Francois,
Thanks for the patch, I
will test it today.
You are right that a
tabular table will only display few events. But what about searching?
Are there any concepts in
TMF regarding doing search operations very fast? Like searching for an event of
special type with a field with a specified value? Wouldn’t it be useful
to have a filtering/searching framework?
Best regards,
Franz
From:
linuxtools-dev-bounces@xxxxxxxxxxx [mailto:linuxtools-dev-bounces@xxxxxxxxxxx] On Behalf Of Francois Chouinard
Sent: Monday, November 09, 2009
5:42 AM
To: Linux
Tools developer discussions
Subject: Re: [linuxtools-dev]
TmfEventContent data storage
Hi Franz,
> The problem is that the content now parses the fields in the constructor
> which means that the map of fields is generated even for events that are
> only used to index the trace.
Agree. I put the parseContent() call back in the getField*() methods so it is
only called on demand and if needed. This should speed up the indexing.
> Also I think that the map of field id’s to field values that is
stored
> in each event is a performance issue. Why do you not keep the access
> function with the integral id? When used from a GUI side it would also
> be much faster getting the field values by an integer than by a String.
> Because a GUI would normally get a list of labels for the columns and
> then fill it with fields. It makes no sense from my point of view having
> an accessor function by a field label which would end up in a map-lookup.
The event content is not handled solely by GUI tables. Some (LTTng) components
need to access fields individually and storage in a Map structure, indexed by
field ID, is more versatile in that case.

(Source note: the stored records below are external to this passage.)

lemma measurable_component_local:
  assumes k: "k \<in> {1..K}" and nt: "n \<le> t"
  shows "(\<lambda>\<omega>. \<omega> k) \<in> measurable (local_filt K M k t) (stream_filt (M k) n)"
  unfolding stream_filt_def
proof (rule measurable_vimage_algebra2)
  show "(\<lambda>\<omega>. \<omega> k) \<in> space (local_filt K M k t) \<rightarrow> space (path_space (M k))"
    using component_in_path_space[of _ K M, OF _ k] by (auto simp: space_local_filt)
  show "(\<lambda>\<omega>. restrict (\<omega> k) {1..n}) \<in> measurable (local_filt K M k t) (PiM {1..n} (\<lambda>_. M k))"
    by (rule measurable_restrict_local[OF k nt])
qed

lemma sets_local_filt_mono:
  assumes k: "k \<in> {1..K}" and tt: "t \<le> t'"
  shows "sets (local_filt K M k t) \<subseteq> sets (local_filt K M k t')"
  using sets_vimage_algebra_subset[OF measurable_restrict_local[OF k tt]]
  by (simp add: local_filt_def[of K M k t] space_local_filt)

lemma filtration_local_filt: "k \<in> {1..K} \<Longrightarrow> filtration (space (joint_space K M)) (local_filt K M k)"
  by unfold_locales (auto simp: space_local_filt sets_local_filt_mono)

lemma sets_local_filt_subset_joint:
  assumes k: "k \<in> {1..K}"
  shows "sets (local_filt K M k t) \<subseteq> sets (joint_space K M)"
proof -
  have "(\<lambda>\<omega>. restrict (\<omega> k) {1..t}) \<in> measurable (joint_space K M) (PiM {1..t} (\<lambda>_. M k))"
    using measurable_comp[OF measurable_component_joint[OF k] measurable_restrict_path]
    by (simp add: comp_def)
  then show ?thesis
    unfolding local_filt_def by (rule sets_vimage_algebra_subset)
qed

lemma measurable_restrict_global:
  assumes "t \<le> t'"
  shows "(\<lambda>\<omega>. \<lambda>k\<in>{1..K}. restrict (\<omega> k) {1..t})
    \<in> measurable (global_filt K M t') (PiM {1..K} (\<lambda>k. PiM {1..t} (\<lambda>_. M k)))"
proof -
  have "(\<lambda>\<omega>. \<lambda>k\<in>{1..K}. restrict (\<omega> k) {1..t'})
      \<in> measurable (global_filt K M t') (PiM {1..K} (\<lambda>k. PiM {1..t'} (\<lambda>_. M k)))"
    unfolding global_filt_def
  proof (rule measurable_vimage_algebra1)
    show "(\<lambda>\<omega>. \<lambda>k\<in>{1..K}. restrict (\<omega> k) {1..t'})
        \<in> space (joint_space K M) \<rightarrow> space (PiM {1..K} (\<lambda>k. PiM {1..t'} (\<lambda>_. M k)))"
      using component_in_path_space[of _ K M] by (force simp: space_path_space space_PiM PiE_iff)
  qed
  moreover have "(\<lambda>y. \<lambda>k\<in>{1..K}. restrict (y k) {1..t})
      \<in> measurable (PiM {1..K} (\<lambda>k. PiM {1..t'} (\<lambda>_. M k))) (PiM {1..K} (\<lambda>k. PiM {1..t} (\<lambda>_. M k)))"
  proof (rule measurable_restrict)
    fix i assume "i \<in> {1..K}"
    from measurable_comp[OF measurable_component_singleton[OF this, of "\<lambda>k. PiM {1..t'} (\<lambda>_. M k)"]
        measurable_restrict_subset[of "{1..t}" "{1..t'}" "\<lambda>_. M i"]] assms
    show "(\<lambda>y. restrict (y i) {1..t}) \<in> measurable (PiM {1..K} (\<lambda>k. PiM {1..t'} (\<lambda>_. M k))) (PiM {1..t} (\<lambda>_. M i))"
      by (simp add: comp_def)
  qed
  note m = measurable_comp[OF calculation this]
  have eq: "(\<lambda>y. \<lambda>k\<in>{1..K}. restrict (y k) {1..t}) \<circ> (\<lambda>\<omega>. \<lambda>k\<in>{1..K}. restrict (\<omega> k) {1..t'})
      = (\<lambda>\<omega>. \<lambda>k\<in>{1..K}. restrict (\<omega> k) {1..t})"
    using assms by (auto simp: fun_eq_iff restrict_def)
  show ?thesis
    using m unfolding eq .
qed

lemma sets_global_filt_mono:
  "t \<le> t' \<Longrightarrow> sets (global_filt K M t) \<subseteq> sets (global_filt K M t')"
  using sets_vimage_algebra_subset[OF measurable_restrict_global]
  by (simp add: global_filt_def[of K M t] space_global_filt)

lemma filtration_global_filt: "filtration (space (joint_space K M)) (global_filt K M)"
  by unfold_locales (auto simp: space_global_filt sets_global_filt_mono)

lemma sets_local_filt_subset_global:
  assumes k: "k \<in> {1..K}"
  shows "sets (local_filt K M k t) \<subseteq> sets (global_filt K M t)"
proof -
  have "(\<lambda>y. y k) \<circ> (\<lambda>\<omega>. \<lambda>k\<in>{1..K}. restrict (\<omega> k) {1..t}) \<in> measurable (global_filt K M t) (PiM {1..t} (\<lambda>_. M k))"
    using k by (intro measurable_comp[OF measurable_restrict_global measurable_component_singleton]) auto
  then have "(\<lambda>\<omega>. restrict (\<omega> k) {1..t}) \<in> measurable (global_filt K M t) (PiM {1..t} (\<lambda>_. M k))"
    using k by (simp add: comp_def)
  then show ?thesis
    unfolding local_filt_def space_global_filt[symmetric, of K M t] by (rule sets_vimage_algebra_subset)
qed

lemma pred_local_global:
  assumes k: "k \<in> {1..K}" and P: "Measurable.pred (local_filt K M k t) P"
  shows "Measurable.pred (global_filt K M t) P"
proof -
  have "subalgebra (global_filt K M t) (local_filt K M k t)"
    using sets_local_filt_subset_global[OF k] by (simp add: subalgebra_def space_local_filt space_global_filt)
  then show ?thesis
    using P by (rule measurable_from_subalg)
qed

section \<open>Log-likelihood ratios of the streams\<close>

locale llr_streams =
  fixes K :: nat and M :: "nat \<Rightarrow> 'a measure"
    and P0 P1 :: "nat \<Rightarrow> (nat \<Rightarrow> 'a) measure"
    and lam :: "nat \<Rightarrow> nat \<Rightarrow> (nat \<Rightarrow> 'a) \<Rightarrow> real"
  assumes P0: "\<And>k. k \<in> {1..K} \<Longrightarrow> prob_space (P0 k) \<and> sets (P0 k) = sets (path_space (M k))"
    and P1: "\<And>k. k \<in> {1..K} \<Longrightarrow> prob_space (P1 k) \<and> sets (P1 k) = sets (path_space (M k))"
    and lam_meas: "\<And>k n. k \<in> {1..K} \<Longrightarrow> n \<ge> 1 \<Longrightarrow>
        lam k n \<in> borel_measurable (stream_filt (M k) n)"
    and lam_llr: "\<And>k n. k \<in> {1..K} \<Longrightarrow> n \<ge> 1 \<Longrightarrow>
        density (restr_to_subalg (P0 k) (stream_filt (M k) n)) (\<lambda>x. ennreal (exp (lam k n x)))
          = restr_to_subalg (P1 k) (stream_filt (M k) n)"
begin

abbreviation \<Omega> where "\<Omega> \<equiv> space (joint_space K M)"

abbreviation PA where "PA A \<equiv> P_A K P0 P1 A"

definition law :: "nat set \<Rightarrow> nat \<Rightarrow> (nat \<Rightarrow> 'a) measure" where
  "law A k = (if k \<in> A then P1 k else P0 k)"

text \<open>The log-likelihood ratio of stream k oriented towards the hypothesis that stream k
  follows under P_A; it lets signal and noise streams be treated alike.\<close>
definition llr :: "nat set \<Rightarrow> nat \<Rightarrow> nat \<Rightarrow> (nat \<Rightarrow> 'a) \<Rightarrow> real" where
  "llr A k n x = (if k \<in> A then lam k n x else - lam k n x)"

lemma P_A_eq_PiM_law: "PA A = PiM {1..K} (law A)"
  by (simp add: P_A_def law_def[abs_def])

lemma prob_space_law: "k \<in> {1..K} \<Longrightarrow> prob_space (law A k)"
  using P0 P1 by (simp add: law_def)

lemma sets_law: "k \<in> {1..K} \<Longrightarrow> sets (law A k) = sets (path_space (M k))"
  using P0 P1 by (simp add: law_def)

lemma prob_space_PA: "prob_space (PA A)"
  unfolding P_A_eq_PiM_law by (rule prob_space_PiM) (rule prob_space_law)

lemma sets_PA: "sets (PA A) = sets (joint_space K M)"
  unfolding P_A_eq_PiM_law joint_space_def by (rule sets_PiM_cong) (auto simp: sets_law)

lemma space_PA: "space (PA A) = \<Omega>"
  using sets_PA by (rule sets_eq_imp_space_eq)

lemma measurable_component_PA: "k \<in> {1..K} \<Longrightarrow> (\<lambda>\<omega>. \<omega> k) \<in> measurable (PA A) (law A k)"
  unfolding P_A_eq_PiM_law by (rule measurable_component_singleton)

lemma distr_component_PA: "k \<in> {1..K} \<Longrightarrow> distr (PA A) (law A k) (\<lambda>\<omega>. \<omega> k) = law A k"
  unfolding P_A_eq_PiM_law by (rule distr_PiM_component) (auto intro: prob_space_law)

lemma AE_component_PA: "k \<in> {1..K} \<Longrightarrow> AE x in law A k. P x \<Longrightarrow> AE \<omega> in PA A. P (\<omega> k)"
  unfolding P_A_eq_PiM_law by (rule AE_PiM_component) (auto intro: prob_space_law)

lemma measure_component_PA:
  assumes k: "k \<in> {1..K}" and S: "S \<in> sets (path_space (M k))"
  shows "measure (PA A) {\<omega>\<in>\<Omega>. \<omega> k \<in> S} = measure (law A k) S"
proof -
  have "{\<omega>\<in>\<Omega>. \<omega> k \<in> S} = (\<lambda>\<omega>. \<omega> k) -` S \<inter> space (PA A)"
    by (auto simp: space_PA)
  then show ?thesis
    using measure_distr[OF measurable_component_PA[OF k], of S] S k
    by (simp add: distr_component_PA sets_law)
qed

lemma subalgebra_local_filt_PA: "k \<in> {1..K} \<Longrightarrow> subalgebra (PA A) (local_filt K M k t)"
  using sets_local_filt_subset_joint[of k K M t] by (simp add: subalgebra_def sets_PA space_PA space_local_filt)

lemma pred_local_PA: "k \<in> {1..K} \<Longrightarrow> Measurable.pred (local_filt K M k t) P \<Longrightarrow> Measurable.pred (PA A) P"
  by (rule measurable_from_subalg[OF subalgebra_local_filt_PA])

lemma pred_PA_iff: "Measurable.pred (PA A) P \<longleftrightarrow> Measurable.pred (joint_space K M) P"
  by (simp add: measurable_cong_sets[OF sets_PA refl])

lemma measurable_lam_local:
  assumes "k \<in> {1..K}" "1 \<le> n" "n \<le> t"
  shows "(\<lambda>\<omega>. lam k n (\<omega> k)) \<in> borel_measurable (local_filt K M k t)"
  using measurable_comp[OF measurable_component_local lam_meas] assms by (simp add: comp_def)

lemma measurable_lam_PA:
  assumes "k \<in> {1..K}" "1 \<le> n"
  shows "(\<lambda>\<omega>. lam k n (\<omega> k)) \<in> borel_measurable (PA A)"
  by (rule measurable_from_subalg[OF subalgebra_local_filt_PA measurable_lam_local[OF assms order_refl]])
    (rule assms)

lemma measurable_llr_local:
  assumes "k \<in> {1..K}" "1 \<le> n" "n \<le> t"
  shows "(\<lambda>\<omega>. llr A k n (\<omega> k)) \<in> borel_measurable (local_filt K M k t)"
  using measurable_lam_local[OF assms] by (simp add: llr_def)

lemma measurable_llr_PA:
  assumes "k \<in> {1..K}" "1 \<le> n"
  shows "(\<lambda>\<omega>. llr A k n (\<omega> k)) \<in> borel_measurable (PA A)"
  using measurable_lam_PA[OF assms] by (simp add: llr_def)

lemma nn_integral_P1_stream:
  assumes k: "k \<in> {1..K}" and n: "n \<ge> 1" and g: "g \<in> borel_measurable (stream_filt (M k) n)"
  shows "(\<integral>\<^sup>+x. g x \<partial>P1 k) = (\<integral>\<^sup>+x. ennreal (exp (lam k n x)) * g x \<partial>P0 k)"
proof -
  note [measurable] = lam_meas[OF k n] g
  have sub0: "subalgebra (P0 k) (stream_filt (M k) n)" and sub1: "subalgebra (P1 k) (stream_filt (M k) n)"
    using P0[OF k] P1[OF k] by (auto intro: subalgebra_stream_filt)
  have "(\<integral>\<^sup>+x. g x \<partial>P1 k) = (\<integral>\<^sup>+x. g x \<partial>restr_to_subalg (P1 k) (stream_filt (M k) n))"
    by (rule nn_integral_subalgebra2[OF sub1 g, symmetric])
  also have "\<dots> = (\<integral>\<^sup>+x. g x \<partial>density (restr_to_subalg (P0 k) (stream_filt (M k) n)) (\<lambda>x. ennreal (exp (lam k n x))))"
    by (simp add: lam_llr[OF k n])
  also have "\<dots> = (\<integral>\<^sup>+x. ennreal (exp (lam k n x)) * g x \<partial>restr_to_subalg (P0 k) (stream_filt (M k) n))"
    by (intro nn_integral_density measurable_in_subalg[OF sub0]) measurable
  also have "\<dots> = (\<integral>\<^sup>+x. ennreal (exp (lam k n x)) * g x \<partial>P0 k)"
    by (intro nn_integral_subalgebra2[OF sub0]) measurable
  finally show ?thesis .
qed

lemma emeasure_law_stream:
  assumes k: "k \<in> {1..K}" and n: "n \<ge> 1" and AB: "k \<in> A \<longleftrightarrow> k \<notin> B"
    and S: "S \<in> sets (stream_filt (M k) n)"
  shows "emeasure (law A k) S = (\<integral>\<^sup>+x. ennreal (exp (llr A k n x)) * indicator S x \<partial>law B k)"
proof -
  note [measurable] = lam_meas[OF k n] S
  have S_path: "S \<in> sets (path_space (M k))"
    using subalgebra_stream_filt[OF refl, of "M k" n] S by (auto simp: subalgebra_def)
  show ?thesis
  proof (cases "k \<in> A")
    case True
    have "emeasure (P1 k) S = (\<integral>\<^sup>+x. indicator S x \<partial>P1 k)"
      using S_path P1[OF k] by simp
    also have "\<dots> = (\<integral>\<^sup>+x. ennreal (exp (lam k n x)) * indicator S x \<partial>P0 k)"
      by (rule nn_integral_P1_stream[OF k n]) measurable
    finally show ?thesis
      using True AB by (simp add: law_def llr_def)
  next
    case False
    have "(\<integral>\<^sup>+x. ennreal (exp (- lam k n x)) * indicator S x \<partial>P1 k)
        = (\<integral>\<^sup>+x. ennreal (exp (lam k n x)) * (ennreal (exp (- lam k n x)) * indicator S x) \<partial>P0 k)"
      by (rule nn_integral_P1_stream[OF k n]) measurable
    also have "\<dots> = (\<integral>\<^sup>+x. indicator S x \<partial>P0 k)"
      by (intro nn_integral_cong) (simp add: mult.assoc[symmetric] ennreal_mult[symmetric] exp_minus_inverse)
    also have "\<dots> = emeasure (P0 k) S"
      using S_path P0[OF k] by simp
    finally show ?thesis
      using False AB by (simp add: law_def llr_def)
  qed
qed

Also, it seems to me that it is safer to have the method parseContent() return
a Map of the parsed fields instead of an array. This way the FW doesn't have to
worry about [1] variable list of fields (missing or optional), [2] positional
errors, [3] incompatible array sizes (number of fields different than number of
parameters). All this can very well be handled by the parseContent()
implementor but it definitely imposes an extra constraints on him/her.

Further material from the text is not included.